Stored data:
***
(* Let $d\in\mathcal{S}G$ be such that $\pi\big(1+d\,\widehat{\sigma}(d)\big)$ is a unit of $\mathbb{F}G$. Then $\mathfrak{C}_{1,d}$ is a Hermitian LCD $2$-quasi-abelian code over $\mathcal{S}$ of rate $\frac12$, i.e. $\mathfrak{C}_{1,d}$ is a free $\mathcal{S}$-module of rank $n$ inside $(\mathcal{S}G)^2\cong\mathcal{S}^{2n}$.
   Context: Let $\mathcal{S}|\mathcal{R}$ be a Galois extension of degree $2$ of finite commutative chain rings, $\mathbf{m}$ the maximal ideal of $\mathcal{S}$, with residue fields $\mathcal{S}/\mathbf{m}=\mathbb{F}=\mathbb{F}_{q^2}$ and $\mathbb{F}_q$ for $\mathcal{R}$; let $\sigma$ generate $\mathrm{Aut}_{\mathcal{R}}(\mathcal{S})$ (order 2). Let $G$ be a finite abelian group of odd order $n$ with $\gcd(n,q)=1$. Define $\widehat{\sigma}:\mathcal{S}G\to\mathcal{S}G$, $\sum_ga_gg\mapsto\sum_g\sigma(a_g)g^{-1}$. The Hermitian form on $(\mathcal{S}G)^2$ is $\langle(a_1,b_1),(a_2,b_2)\rangle_H=\sum_g a_{1,g}\sigma(a_{2,g})+\sum_g b_{1,g}\sigma(b_{2,g})$. A $2$-quasi-abelian code over $\mathcal{S}$ is an $\mathcal{S}G$-submodule of $(\mathcal{S}G)^2$; it is Hermitian LCD if it meets its Hermitian dual only in $0$. $\mathfrak{C}_{c,d}=\{(uc,ud):u\in\mathcal{S}G\}$. The map $\pi:\mathcal{S}G\to\mathbb{F}G$ reduces coefficients modulo $\mathbf{m}$. *)

theory Defs
  imports Main "HOL-Computational_Algebra.Primes"
begin

definition subring_on :: "'a::comm_ring_1 set \<Rightarrow> bool" where
  "subring_on A \<longleftrightarrow> 0 \<in> A \<and> 1 \<in> A \<and>
     (\<forall>x\<in>A. \<forall>y\<in>A. x + y \<in> A \<and> x - y \<in> A \<and> x * y \<in> A)"

definition ideal_on :: "'a::comm_ring_1 set \<Rightarrow> 'a set \<Rightarrow> bool" where
  "ideal_on A I \<longleftrightarrow> I \<subseteq> A \<and> 0 \<in> I \<and>
     (\<forall>x\<in>I. \<forall>y\<in>I. x + y \<in> I) \<and> (\<forall>r\<in>A. \<forall>x\<in>I. r * x \<in> I)"

definition chain_ring_on :: "'a::comm_ring_1 set \<Rightarrow> bool" where
  "chain_ring_on A \<longleftrightarrow> subring_on A \<and> finite A \<and> (0::'a) \<noteq> 1 \<and>
     (\<forall>I J. ideal_on A I \<and> ideal_on A J \<longrightarrow> I \<subseteq> J \<or> J \<subseteq> I)"

definition max_ideal_on :: "'a::comm_ring_1 set \<Rightarrow> 'a set" where
  "max_ideal_on A = (THE M. ideal_on A M \<and> M \<noteq> A \<and>
       (\<forall>J. ideal_on A J \<and> M \<subseteq> J \<longrightarrow> J = M \<or> J = A))"

definition residue_card :: "'a::comm_ring_1 set \<Rightarrow> nat" where
  "residue_card A = card ((\<lambda>x. {y \<in> A. x - y \<in> max_ideal_on A}) ` A)"

definition ring_aut :: "('a::comm_ring_1 \<Rightarrow> 'a) \<Rightarrow> bool" where
  "ring_aut \<tau> \<longleftrightarrow> bij \<tau> \<and> \<tau> 1 = 1 \<and> (\<forall>x y. \<tau> (x + y) = \<tau> x + \<tau> y \<and> \<tau> (x * y) = \<tau> x * \<tau> y)"

definition Aut_over :: "'a::comm_ring_1 set \<Rightarrow> ('a \<Rightarrow> 'a) set" where
  "Aut_over R = {\<tau>. ring_aut \<tau> \<and> (\<forall>r\<in>R. \<tau> r = r)}"

text \<open>S (= UNIV) is a Galois extension of degree 2 of R with Galois group generated by sigma
  (Chase--Harrison--Rosenberg definition), and sigma generates Aut_R(S), of order 2.\<close>
definition galois_ext_deg2 :: "'a::comm_ring_1 set \<Rightarrow> ('a \<Rightarrow> 'a) \<Rightarrow> bool" where
  "galois_ext_deg2 R \<sigma> \<longleftrightarrow>
     subring_on R \<and> ring_aut \<sigma> \<and> \<sigma> \<noteq> id \<and> \<sigma> \<circ> \<sigma> = id \<and>
     Aut_over R = {id, \<sigma>} \<and> R = {x. \<sigma> x = x} \<and>
     (\<exists>(k::nat) (x::nat \<Rightarrow> 'a) (y::nat \<Rightarrow> 'a).
        (\<Sum>i<k. x i * y i) = 1 \<and> (\<Sum>i<k. x i * \<sigma> (y i)) = 0)"

definition prime_power :: "nat \<Rightarrow> bool" where
  "prime_power q \<longleftrightarrow> (\<exists>p k. prime p \<and> k > 0 \<and> q = p ^ k)"

type_synonym ('a, 'g) grpring = "'g \<Rightarrow> 'a"

definition gr_mult :: "('a::comm_ring_1, 'g::{finite,ab_group_add}) grpring \<Rightarrow> ('a,'g) grpring \<Rightarrow> ('a,'g) grpring" where
  "gr_mult u v = (\<lambda>g. \<Sum>h\<in>UNIV. u h * v (g - h))"

definition gr_one :: "('a::comm_ring_1, 'g::{finite,ab_group_add}) grpring" where
  "gr_one = (\<lambda>g. if g = 0 then 1 else 0)"

definition gr_add :: "('a::comm_ring_1, 'g::{finite,ab_group_add}) grpring \<Rightarrow> ('a,'g) grpring \<Rightarrow> ('a,'g) grpring" where
  "gr_add u v = (\<lambda>g. u g + v g)"

definition sigma_hat :: "('a \<Rightarrow> 'a) \<Rightarrow> ('a::comm_ring_1, 'g::{finite,ab_group_add}) grpring \<Rightarrow> ('a,'g) grpring" where
  "sigma_hat \<sigma> u = (\<lambda>g. \<sigma> (u (- g)))"

text \<open>pi(x) is a unit of FG, F = S/m: there is v in SG with pi(x)pi(v) = 1,
  i.e. all coefficients of x v - 1 lie in m.\<close>
definition pi_unit :: "'a set \<Rightarrow> ('a::comm_ring_1, 'g::{finite,ab_group_add}) grpring \<Rightarrow> bool" where
  "pi_unit m x \<longleftrightarrow> (\<exists>v. \<forall>g. gr_mult x v g - gr_one g \<in> m)"

type_synonym ('a, 'g) qa2 = "('a,'g) grpring \<times> ('a,'g) grpring"

definition herm :: "('a \<Rightarrow> 'a) \<Rightarrow> ('a::comm_ring_1, 'g::{finite,ab_group_add}) qa2 \<Rightarrow> ('a,'g) qa2 \<Rightarrow> 'a" where
  "herm \<sigma> x y = (\<Sum>g\<in>UNIV. fst x g * \<sigma> (fst y g)) + (\<Sum>g\<in>UNIV. snd x g * \<sigma> (snd y g))"

definition herm_dual :: "('a \<Rightarrow> 'a) \<Rightarrow> ('a::comm_ring_1, 'g::{finite,ab_group_add}) qa2 set \<Rightarrow> ('a,'g) qa2 set" where
  "herm_dual \<sigma> C = {x. \<forall>c\<in>C. herm \<sigma> x c = 0}"

definition qa2_code :: "('a::comm_ring_1, 'g::{finite,ab_group_add}) qa2 set \<Rightarrow> bool" where
  "qa2_code C \<longleftrightarrow> ((\<lambda>_. 0), (\<lambda>_. 0)) \<in> C \<and>
     (\<forall>x\<in>C. \<forall>y\<in>C. (gr_add (fst x) (fst y), gr_add (snd x) (snd y)) \<in> C) \<and>
     (\<forall>u. \<forall>x\<in>C. (gr_mult u (fst x), gr_mult u (snd x)) \<in> C)"

definition herm_LCD :: "('a \<Rightarrow> 'a) \<Rightarrow> ('a::comm_ring_1, 'g::{finite,ab_group_add}) qa2 set \<Rightarrow> bool" where
  "herm_LCD \<sigma> C \<longleftrightarrow> qa2_code C \<and> C \<inter> herm_dual \<sigma> C = {((\<lambda>_. 0), (\<lambda>_. 0))}"

definition free_S_rank :: "('a::comm_ring_1, 'g::{finite,ab_group_add}) qa2 set \<Rightarrow> nat \<Rightarrow> bool" where
  "free_S_rank C k \<longleftrightarrow> (\<exists>b :: nat \<Rightarrow> ('a,'g) qa2. (\<forall>i<k. b i \<in> C) \<and>
     (\<forall>c\<in>C. \<exists>!l :: nat \<Rightarrow> 'a. (\<forall>i\<ge>k. l i = 0) \<and> c = ((\<lambda>g. \<Sum>i<k. l i * fst (b i) g), (\<lambda>g. \<Sum>i<k. l i * snd (b i) g))))"

definition code_C :: "('a::comm_ring_1, 'g::{finite,ab_group_add}) grpring \<Rightarrow> ('a,'g) grpring \<Rightarrow> ('a,'g) qa2 set" where
  "code_C c d = {(gr_mult u c, gr_mult u d) | u. True}"

end

theory Submission
  imports Defs
begin

(* Write x' for sigma_hat \<sigma> x.  The Hermitian product of (u, u d) and (w, w d) is the coefficient
   at 0 of u (1 + d d') w', and w' runs through all of SG; taking for w' the group elements shows
   that (u, u d) lies in the dual code exactly when u (1 + d d') = 0.  Elements of the maximal
   ideal of a finite chain ring are nilpotent, so if (1 + d d') v = 1 + e with all coefficients of
   e in that ideal, then e is nilpotent and 1 + d d' is a unit; hence u = 0.  The code is the graph
   of u \<mapsto> u d, so the group elements give an S-basis of it with |G| elements. *)

lemma gr_mult_commute: "gr_mult u v = gr_mult v u"
proof
  fix g
  show "gr_mult u v g = gr_mult v u g"
    unfolding gr_mult_def
    by (rule sum.reindex_bij_witness[of _ "\<lambda>h. g - h" "\<lambda>h. g - h"]) (auto simp: mult.commute)
qed

lemma gr_mult_assoc: "gr_mult (gr_mult u v) w = gr_mult u (gr_mult v w)"
proof
  fix g
  have "gr_mult (gr_mult u v) w g = (\<Sum>k\<in>UNIV. \<Sum>h\<in>UNIV. u h * v (k - h) * w (g - k))"
    unfolding gr_mult_def by (simp add: sum_distrib_right)
  also have "\<dots> = (\<Sum>h\<in>UNIV. \<Sum>k\<in>UNIV. u h * v (k - h) * w (g - k))"
    by (rule sum.swap)
  also have "\<dots> = (\<Sum>h\<in>UNIV. \<Sum>k\<in>UNIV. u h * (v k * w (g - h - k)))"
  proof (rule sum.cong[OF refl])
    fix h
    show "(\<Sum>k\<in>UNIV. u h * v (k - h) * w (g - k)) = (\<Sum>k\<in>UNIV. u h * (v k * w (g - h - k)))"
      by (rule sum.reindex_bij_witness[of _ "\<lambda>k. k + h" "\<lambda>k. k - h"]) (auto simp: algebra_simps)
  qed
  also have "\<dots> = gr_mult u (gr_mult v w) g"
    unfolding gr_mult_def by (simp add: sum_distrib_left)
  finally show "gr_mult (gr_mult u v) w g = gr_mult u (gr_mult v w) g" .
qed

lemma gr_mult_one_right: "gr_mult u gr_one = u"
  unfolding gr_mult_def gr_one_def by (simp add: if_distrib cong: if_cong)

lemma gr_mult_add_left: "gr_mult (gr_add u v) w = gr_add (gr_mult u w) (gr_mult v w)"
  unfolding gr_mult_def gr_add_def by (simp add: distrib_right sum.distrib)

typedef ('a, 'g) group_ring = "UNIV :: ('g \<Rightarrow> 'a) set"
  morphisms coeff Abs_group_ring ..

setup_lifting type_definition_group_ring

instantiation group_ring :: (comm_ring_1, "{finite,ab_group_add}") comm_ring_1
begin

lift_definition zero_group_ring :: "('a, 'b) group_ring" is "\<lambda>_. 0" .
lift_definition one_group_ring :: "('a, 'b) group_ring" is gr_one .
lift_definition plus_group_ring :: "('a, 'b) group_ring \<Rightarrow> ('a, 'b) group_ring \<Rightarrow> ('a, 'b) group_ring"
  is gr_add .
lift_definition uminus_group_ring :: "('a, 'b) group_ring \<Rightarrow> ('a, 'b) group_ring"
  is "\<lambda>u g. - u g" .
lift_definition minus_group_ring :: "('a, 'b) group_ring \<Rightarrow> ('a, 'b) group_ring \<Rightarrow> ('a, 'b) group_ring"
  is "\<lambda>u v g. u g - v g" .
lift_definition times_group_ring :: "('a, 'b) group_ring \<Rightarrow> ('a, 'b) group_ring \<Rightarrow> ('a, 'b) group_ring"
  is gr_mult .

instance
proof
  fix a b c :: "('a, 'b) group_ring"
  show "a * b * c = a * (b * c)" by transfer (rule gr_mult_assoc)
  show "a * b = b * a" by transfer (rule gr_mult_commute)
  show "1 * a = a" by transfer (simp add: gr_mult_commute[of gr_one] gr_mult_one_right)
  show "(a + b) * c = a * c + b * c" by transfer (rule gr_mult_add_left)
  show "a + b + c = a + (b + c)" by transfer (simp add: gr_add_def add.assoc)
  show "a + b = b + a" by transfer (simp add: gr_add_def add.commute)
  show "0 + a = a" by transfer (simp add: gr_add_def)
  show "- a + a = 0" by transfer (simp add: gr_add_def)
  show "a - b = a + - b" by transfer (simp add: gr_add_def)
  show "0 \<noteq> (1 :: ('a, 'b) group_ring)" by transfer (metis gr_one_def zero_neq_one)
qed

end

lift_definition gr_const :: "'a \<Rightarrow> ('a::comm_ring_1, 'g::{finite,ab_group_add}) group_ring"
  is "\<lambda>c g. if g = 0 then c else 0" .

lift_definition gr_basis :: "'g \<Rightarrow> ('a::comm_ring_1, 'g::{finite,ab_group_add}) group_ring"
  is "\<lambda>k g. if g = k then 1 else 0" .

lemma gr_mult_const_left:
  fixes u :: "'g::{finite,ab_group_add} \<Rightarrow> 'a::comm_ring_1"
  shows "gr_mult (\<lambda>h. if h = 0 then c else 0) u g = c * u g"
proof -
  have "gr_mult (\<lambda>h. if h = 0 then c else 0) u g = (\<Sum>h::'g\<in>UNIV. if h = 0 then c * u g else 0)"
    unfolding gr_mult_def by (rule sum.cong) auto
  then show ?thesis by simp
qed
***
Return, unchanged, the run of lines above that opens with the line containing "(\<forall>J. ideal_on A" and closes with the line containing "bij \<tau> \<and>". Include both.

Your response:
       (\<forall>J. ideal_on A J \<and> M \<subseteq> J \<longrightarrow> J = M \<or> J = A))"

definition residue_card :: "'a::comm_ring_1 set \<Rightarrow> nat" where
  "residue_card A = card ((\<lambda>x. {y \<in> A. x - y \<in> max_ideal_on A}) ` A)"

definition ring_aut :: "('a::comm_ring_1 \<Rightarrow> 'a) \<Rightarrow> bool" where
  "ring_aut \<tau> \<longleftrightarrow> bij \<tau> \<and> \<tau> 1 = 1 \<and> (\<forall>x y. \<tau> (x + y) = \<tau> x + \<tau> y \<and> \<tau> (x * y) = \<tau> x * \<tau> y)"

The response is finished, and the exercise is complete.